◆ The problem ◆
Beginning with the first line of the data below, extract each line up to and including the one containing "v) = (\<Sum>v\<in>V.". Copy them exactly and add nothing.

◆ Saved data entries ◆
++++++++
lemma I_f_convex_fixed_row_sums:
  fixes f :: "real \<Rightarrow> real"
  assumes cv: "convex_on {0<..} f" and fin: "finite U" "finite V"
    and nn1: "\<And>u v. 0 \<le> p1 u v" and nn2: "\<And>u v. 0 \<le> p2 u v"
    and row: "\<And>u. (\<Sum>v\<in>V. p1 u v) = (\<Sum>v\<in>V. p2 u v)"
    and t: "0 \<le> t" "t \<le> 1"
  shows "I_f f U V (\<lambda>u v. t * p1 u v + (1-t) * p2 u v)
      \<le> ereal t * I_f f U V p1 + ereal (1-t) * I_f f U V p2"
proof -
  define r where "r u = (\<Sum>v\<in>V. p1 u v)" for u
  define c1 where "c1 v = (\<Sum>u\<in>U. p1 u v)" for v
  define c2 where "c2 v = (\<Sum>u\<in>U. p2 u v)" for v
  have row_mix: "(\<Sum>v\<in>V. t * p1 u v + (1-t) * p2 u v) = r u * (t + (1-t))" for u
    unfolding sum_convex_comb r_def row by (simp add: algebra_simps)
  have col_mix: "(\<Sum>u\<in>U. t * p1 u v + (1-t) * p2 u v) = t * c1 v + (1-t) * c2 v" for v
    unfolding sum_convex_comb c1_def c2_def ..
  have term_le: "If_term f (t * p1 u v + (1-t) * p2 u v) (r u) (t * c1 v + (1-t) * c2 v)
     \<le> ereal t * If_term f (p1 u v) (r u) (c1 v) + ereal (1-t) * If_term f (p2 u v) (r u) (c2 v)"
    if "u \<in> U" "v \<in> V" for u v
  proof -
    have "p1 u v \<le> r u" "p1 u v \<le> c1 v" "p2 u v \<le> c2 v"
      unfolding r_def c1_def c2_def using fin that nn1 nn2 by (auto intro: member_le_sum)
    moreover have "p2 u v \<le> r u"
      unfolding r_def row using fin that nn2 by (auto intro: member_le_sum)
    ultimately have "If_term f (t * p1 u v + (1-t) * p2 u v) (t * (r u * c1 v) + (1-t) * (r u * c2 v)) 1
        \<le> ereal t * If_term f (p1 u v) (r u * c1 v) 1 + ereal (1-t) * If_term f (p2 u v) (r u * c2 v) 1"
      using nn1[of u v] nn2[of u v] t by (intro perspective_convex[OF cv]) auto
    then show ?thesis by (simp add: If_term_eq_If_term_1[of f _ "r u"] algebra_simps)
  qed
  have "I_f f U V (\<lambda>u v. t * p1 u v + (1-t) * p2 u v)
     = (\<Sum>u\<in>U. \<Sum>v\<in>V. If_term f (t * p1 u v + (1-t) * p2 u v) (r u) (t * c1 v + (1-t) * c2 v))"
    unfolding I_f_def row_mix col_mix by simp
  also have "\<dots> \<le> (\<Sum>u\<in>U. \<Sum>v\<in>V. ereal t * If_term f (p1 u v) (r u) (c1 v)
      + ereal (1-t) * If_term f (p2 u v) (r u) (c2 v))"
    by (intro sum_mono term_le)
  also have "\<dots> = ereal t * I_f f U V p1 + ereal (1-t) * I_f f U V p2"
    unfolding I_f_def r_def[symmetric] c1_def[symmetric] c2_def[symmetric] row[symmetric]
    using t by (simp add: sum.distrib sum_distrib_right_ereal mult.commute[of "ereal _"])
  finally show ?thesis .
qed

lemma I_f_reindex_bij:
  assumes hx: "bij_betw hx U' U" and hy: "bij_betw hy V' V"
  shows "I_f f U' V' (\<lambda>u v. p (hx u) (hy v)) = I_f f U V p"
proof -
  have "I_f f U' V' (\<lambda>u v. p (hx u) (hy v)) =
     (\<Sum>u\<in>U'. \<Sum>v\<in>V'. If_term f (p (hx u) (hy v)) (\<Sum>v'\<in>V. p (hx u) v') (\<Sum>u'\<in>U. p u' (hy v)))"
    unfolding I_f_def sum.reindex_bij_betw[OF hy] sum.reindex_bij_betw[OF hx, of "\<lambda>u'. p u' (hy _)"] ..
  also have "\<dots> = (\<Sum>u\<in>U'. \<Sum>v\<in>V. If_term f (p (hx u) v) (\<Sum>v'\<in>V. p (hx u) v') (\<Sum>u'\<in>U. p u' v))"
    by (rule sum.cong[OF refl], rule sum.reindex_bij_betw[OF hy])
  also have "\<dots> = I_f f U V p"
    unfolding I_f_def by (rule sum.reindex_bij_betw[OF hx])
  finally show ?thesis .
qed

lemma is_pmf_on_reindex_bij:
  assumes "bij_betw h A B" "is_pmf_on B q"
  shows "is_pmf_on A (\<lambda>a. q (h a))"
  using assms sum.reindex_bij_betw[OF assms(1), of q] unfolding is_pmf_on_def bij_betw_def by auto

lemma saddle_property_finite_types:
  fixes W :: "'x::finite \<Rightarrow> 'y::finite \<Rightarrow> real"
  assumes sp: "saddle_property f" and W: "is_kernel_on UNIV UNIV W"
    and p1: "is_pmf_on UNIV p1" and p2: "is_pmf_on UNIV p2" and t: "0 \<le> t" "t \<le> 1"
  shows "ereal t * I_f f UNIV UNIV (\<lambda>x y. p1 x * W x y)
        + ereal (1 - t) * I_f f UNIV UNIV (\<lambda>x y. p2 x * W x y)
      \<le> I_f f UNIV UNIV (\<lambda>x y. (t * p1 x + (1 - t) * p2 x) * W x y)"
proof -
  define U where "U = {0..<card (UNIV::'x set)}"
  define V where "V = {0..<card (UNIV::'y set)}"
  obtain hx :: "nat \<Rightarrow> 'x" where hx: "bij_betw hx U UNIV"
    using ex_bij_betw_nat_finite[of "UNIV::'x set"] unfolding U_def by auto
  obtain hy :: "nat \<Rightarrow> 'y" where hy: "bij_betw hy V UNIV"
    using ex_bij_betw_nat_finite[of "UNIV::'y set"] unfolding V_def by auto
  have "is_kernel_on U V (\<lambda>u v. W (hx u) (hy v))"
    using W hy unfolding is_kernel_on_def by (auto intro: is_pmf_on_reindex_bij)
  moreover have "is_pmf_on U (\<lambda>u. p1 (hx u))" "is_pmf_on U (\<lambda>u. p2 (hx u))"
    using hx p1 p2 by (auto intro: is_pmf_on_reindex_bij)
  ultimately have "ereal t * I_f f U V (\<lambda>u v. p1 (hx u) * W (hx u) (hy v))
      + ereal (1 - t) * I_f f U V (\<lambda>u v. p2 (hx u) * W (hx u) (hy v))
      \<le> I_f f U V (\<lambda>u v. (t * p1 (hx u) + (1 - t) * p2 (hx u)) * W (hx u) (hy v))"
    using sp t unfolding saddle_property_def U_def V_def by auto
  then show ?thesis
    unfolding I_f_reindex_bij[OF hx hy, symmetric] .
qed

text \<open>Marginals of a pmf on S \<times> X \<times> Y \<times> S^; the last coordinate h ranges over S^.\<close>

definition marg_S :: "('s \<times> 'x::finite \<times> 'y::finite \<times> 'h::finite \<Rightarrow> real) \<Rightarrow> 's \<Rightarrow> real" where
  "marg_S Q s = (\<Sum>x\<in>UNIV. \<Sum>y\<in>UNIV. \<Sum>h\<in>UNIV. Q (s, x, y, h))"

definition marg_X :: "('s::finite \<times> 'x \<times> 'y::finite \<times> 'h::finite \<Rightarrow> real) \<Rightarrow> 'x \<Rightarrow> real" where
  "marg_X Q x = (\<Sum>s\<in>UNIV. \<Sum>y\<in>UNIV. \<Sum>h\<in>UNIV. Q (s, x, y, h))"

definition marg_SH :: "('s \<times> 'x::finite \<times> 'y::finite \<times> 'h \<Rightarrow> real) \<Rightarrow> 's \<Rightarrow> 'h \<Rightarrow> real" where
  "marg_SH Q s h = (\<Sum>x\<in>UNIV. \<Sum>y\<in>UNIV. Q (s, x, y, h))"

definition marg_XY :: "('s::finite \<times> 'x \<times> 'y \<times> 'h::finite \<Rightarrow> real) \<Rightarrow> 'x \<Rightarrow> 'y \<Rightarrow> real" where
  "marg_XY Q x y = (\<Sum>s\<in>UNIV. \<Sum>h\<in>UNIV. Q (s, x, y, h))"

lemma Q_fDPI_iff:
  "Q \<in> Q_fDPI f PS W \<longleftrightarrow>
     is_pmf_on UNIV Q \<and> marg_S Q = PS \<and> marg_XY Q = (\<lambda>x y. marg_X Q x * W x y) \<and>
     I_f f UNIV UNIV (marg_SH Q) \<le> I_f f UNIV UNIV (marg_XY Q)"
  unfolding Q_fDPI_def marg_S_def[abs_def] marg_X_def[abs_def] marg_SH_def[abs_def]
    marg_XY_def[abs_def]
  by (auto simp: fun_eq_iff mult.commute)

lemma marg_convex_comb:
  fixes t :: real and Q1 Q2 :: "'s::finite \<times> 'x::finite \<times> 'y::finite \<times> 'h::finite \<Rightarrow> real"
  defines "Q \<equiv> \<lambda>z. t * Q1 z + (1-t) * Q2 z"
  shows "marg_S Q = (\<lambda>s. t * marg_S Q1 s + (1-t) * marg_S Q2 s)"
    and "marg_X Q = (\<lambda>x. t * marg_X Q1 x + (1-t) * marg_X Q2 x)"
    and "marg_SH Q = (\<lambda>s h. t * marg_SH Q1 s h + (1-t) * marg_SH Q2 s h)"
    and "marg_XY Q = (\<lambda>x y. t * marg_XY Q1 x y + (1-t) * marg_XY Q2 x y)"
  unfolding Q_def marg_S_def marg_X_def marg_SH_def marg_XY_def by (simp_all add: sum_convex_comb)

lemma sum_marg_SH: "(\<Sum>h\<in>UNIV. marg_SH Q s h) = marg_S Q s"
proof -
  have "(\<Sum>h\<in>UNIV. marg_SH Q s h) = (\<Sum>x\<in>UNIV. \<Sum>h\<in>UNIV. \<Sum>y\<in>UNIV. Q (s, x, y, h))"
    unfolding marg_SH_def by (rule sum.swap)
  also have "\<dots> = marg_S Q s"
    unfolding marg_S_def by (intro sum.cong refl sum.swap)
  finally show ?thesis .
qed

lemma sum_UNIV_prod4:
  "sum Q (UNIV :: ('s::finite \<times> 'x::finite \<times> 'y::finite \<times> 'h::finite) set)
     = (\<Sum>s\<in>UNIV. \<Sum>x\<in>UNIV. \<Sum>y\<in>UNIV. \<Sum>h\<in>UNIV. Q (s, x, y, h))"
  by (simp add: sum.cartesian_product UNIV_Times_UNIV[symmetric] del: UNIV_Times_UNIV)

lemma is_pmf_on_marg_X:
  fixes Q :: "'s::finite \<times> 'x::finite \<times> 'y::finite \<times> 'h::finite \<Rightarrow> real"
  assumes "is_pmf_on UNIV Q"
  shows "is_pmf_on UNIV (marg_X Q)"
proof -
  have "(\<Sum>x\<in>UNIV. marg_X Q x) = sum Q UNIV"
    unfolding marg_X_def sum_UNIV_prod4 by (rule sum.swap)
  then show ?thesis
    using assms unfolding is_pmf_on_def marg_X_def by (auto intro!: sum_nonneg)
qed

lemma marg_SH_nonneg:
  assumes "is_pmf_on UNIV Q"
  shows "0 \<le> marg_SH Q s h"
  using assms unfolding is_pmf_on_def marg_SH_def by (auto intro!: sum_nonneg)

lemma I_f_marg_SH_le_marg_XY_convex_comb:
  assumes sp: "saddle_property f" and W: "is_kernel_on UNIV UNIV W"
    and Q1: "Q1 \<in> Q_fDPI f PS W" and Q2: "Q2 \<in> Q_fDPI f PS W" and t: "0 \<le> t" "t \<le> 1"
  defines "Q \<equiv> \<lambda>z. t * Q1 z + (1 - t) * Q2 z"
  shows "I_f f UNIV UNIV (marg_SH Q) \<le> I_f f UNIV UNIV (marg_XY Q)"
proof -
  have cv: "convex_on {0<..} f" using sp unfolding saddle_property_def by auto
  have XY1: "marg_XY Q1 = (\<lambda>x y. marg_X Q1 x * W x y)" and XY2: "marg_XY Q2 = (\<lambda>x y. marg_X Q2 x * W x y)"
    using Q1 Q2 by (simp_all add: Q_fDPI_iff)
  have "I_f f UNIV UNIV (marg_SH Q)
      \<le> ereal t * I_f f UNIV UNIV (marg_SH Q1) + ereal (1-t) * I_f f UNIV UNIV (marg_SH Q2)"
    unfolding Q_def marg_convex_comb
    using Q1 Q2 t by (intro I_f_convex_fixed_row_sums[OF cv]) (auto simp: Q_fDPI_iff sum_marg_SH marg_SH_nonneg)
  also have "\<dots> \<le> ereal t * I_f f UNIV UNIV (marg_XY Q1) + ereal (1-t) * I_f f UNIV UNIV (marg_XY Q2)"
    using Q1 Q2 t by (intro add_mono ereal_mult_left_mono) (auto simp: Q_fDPI_iff)
  also have "\<dots> \<le> I_f f UNIV UNIV (\<lambda>x y. (t * marg_X Q1 x + (1-t) * marg_X Q2 x) * W x y)"
    unfolding XY1 XY2 using Q1 Q2 t
    by (intro saddle_property_finite_types[OF sp W] is_pmf_on_marg_X) (auto simp: Q_fDPI_iff)
  also have "\<dots> = I_f f UNIV UNIV (marg_XY Q)"
    unfolding Q_def marg_convex_comb XY1 XY2 by (simp add: algebra_simps)
  finally show ?thesis .
qed

theorem lemma4p4:
  fixes f :: "real \<Rightarrow> real"
    and PS :: "'s::finite \<Rightarrow> real"
    and W :: "'x::finite \<Rightarrow> 'y::finite \<Rightarrow> real"
  assumes "is_pmf_on UNIV PS"
    and "is_kernel_on UNIV UNIV W"
    and "saddle_property f"
  shows "\<forall>Q1\<in>(Q_fDPI f PS W :: ('s \<times> 'x \<times> 'y \<times> 'h::finite \<Rightarrow> real) set).
           \<forall>Q2\<in>Q_fDPI f PS W. \<forall>t::real. 0 \<le> t \<and> t \<le> 1 \<longrightarrow>
             (\<lambda>z. t * Q1 z + (1 - t) * Q2 z) \<in> Q_fDPI f PS W"
proof (intro ballI allI impI)
  fix Q1 Q2 :: "'s \<times> 'x \<times> 'y \<times> 'h \<Rightarrow> real" and t :: real
  assume Q1: "Q1 \<in> Q_fDPI f PS W" and Q2: "Q2 \<in> Q_fDPI f PS W" and t: "0 \<le> t \<and> t \<le> 1"
  have "is_pmf_on UNIV (\<lambda>z. t * Q1 z + (1 - t) * Q2 z)"
    using Q1 Q2 t by (intro is_pmf_on_convex_comb) (auto simp: Q_fDPI_iff)
  moreover have "marg_S (\<lambda>z. t * Q1 z + (1 - t) * Q2 z) = PS"
    using Q1 Q2 unfolding marg_convex_comb by (auto simp: Q_fDPI_iff algebra_simps)
  moreover have "marg_XY (\<lambda>z. t * Q1 z + (1 - t) * Q2 z)
      = (\<lambda>x y. marg_X (\<lambda>z. t * Q1 z + (1 - t) * Q2 z) x * W x y)"
    using Q1 Q2 unfolding marg_convex_comb by (auto simp: Q_fDPI_iff algebra_simps)
  moreover note I_f_marg_SH_le_marg_XY_convex_comb[OF assms(3,2) Q1 Q2] t
  ultimately show "(\<lambda>z. t * Q1 z + (1 - t) * Q2 z) \<in> Q_fDPI f PS W"
    unfolding Q_fDPI_iff by blast
qed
++++++++
◆ Expected answer ◆
lemma I_f_convex_fixed_row_sums:
  fixes f :: "real \<Rightarrow> real"
  assumes cv: "convex_on {0<..} f" and fin: "finite U" "finite V"
    and nn1: "\<And>u v. 0 \<le> p1 u v" and nn2: "\<And>u v. 0 \<le> p2 u v"
    and row: "\<And>u. (\<Sum>v\<in>V. p1 u v) = (\<Sum>v\<in>V. p2 u v)"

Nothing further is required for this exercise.